- _Exercise description_
Retype exactly the lines that run from the start of the data to the line holding "fix u x assume", including both, and only those.

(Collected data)

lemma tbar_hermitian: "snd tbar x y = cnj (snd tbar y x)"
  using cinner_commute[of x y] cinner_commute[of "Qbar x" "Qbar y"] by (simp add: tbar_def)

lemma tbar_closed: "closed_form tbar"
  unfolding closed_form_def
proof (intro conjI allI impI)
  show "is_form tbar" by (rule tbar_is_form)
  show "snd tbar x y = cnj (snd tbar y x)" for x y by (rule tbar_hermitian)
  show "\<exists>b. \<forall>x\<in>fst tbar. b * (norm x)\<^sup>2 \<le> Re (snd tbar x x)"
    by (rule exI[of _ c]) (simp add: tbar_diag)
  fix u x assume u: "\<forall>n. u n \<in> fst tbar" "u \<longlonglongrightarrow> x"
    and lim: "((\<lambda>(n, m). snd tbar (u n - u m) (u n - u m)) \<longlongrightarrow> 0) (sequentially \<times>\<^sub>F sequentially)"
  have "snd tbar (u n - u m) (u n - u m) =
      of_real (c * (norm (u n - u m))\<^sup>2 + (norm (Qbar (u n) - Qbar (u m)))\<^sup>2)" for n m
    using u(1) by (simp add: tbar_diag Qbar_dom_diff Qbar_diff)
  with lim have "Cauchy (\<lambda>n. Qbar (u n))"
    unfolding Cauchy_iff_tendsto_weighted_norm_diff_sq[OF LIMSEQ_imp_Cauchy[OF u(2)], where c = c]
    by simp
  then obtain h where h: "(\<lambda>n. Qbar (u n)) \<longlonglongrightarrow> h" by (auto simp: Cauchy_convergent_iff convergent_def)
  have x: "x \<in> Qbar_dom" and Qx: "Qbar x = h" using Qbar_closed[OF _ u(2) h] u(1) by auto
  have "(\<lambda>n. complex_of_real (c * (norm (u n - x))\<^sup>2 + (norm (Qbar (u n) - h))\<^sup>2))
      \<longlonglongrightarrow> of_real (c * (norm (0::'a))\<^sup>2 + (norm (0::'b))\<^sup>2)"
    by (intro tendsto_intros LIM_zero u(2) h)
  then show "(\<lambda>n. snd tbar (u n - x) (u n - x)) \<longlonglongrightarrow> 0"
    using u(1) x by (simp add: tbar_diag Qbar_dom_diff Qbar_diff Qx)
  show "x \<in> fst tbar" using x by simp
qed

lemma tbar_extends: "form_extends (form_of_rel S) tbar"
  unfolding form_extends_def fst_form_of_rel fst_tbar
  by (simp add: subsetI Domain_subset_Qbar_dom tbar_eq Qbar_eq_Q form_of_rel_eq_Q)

- _Written reply_
lemma tbar_hermitian: "snd tbar x y = cnj (snd tbar y x)"
  using cinner_commute[of x y] cinner_commute[of "Qbar x" "Qbar y"] by (simp add: tbar_def)

lemma tbar_closed: "closed_form tbar"
  unfolding closed_form_def
proof (intro conjI allI impI)
  show "is_form tbar" by (rule tbar_is_form)
  show "snd tbar x y = cnj (snd tbar y x)" for x y by (rule tbar_hermitian)
  show "\<exists>b. \<forall>x\<in>fst tbar. b * (norm x)\<^sup>2 \<le> Re (snd tbar x x)"
    by (rule exI[of _ c]) (simp add: tbar_diag)
  fix u x assume u: "\<forall>n. u n \<in> fst tbar" "u \<longlonglongrightarrow> x"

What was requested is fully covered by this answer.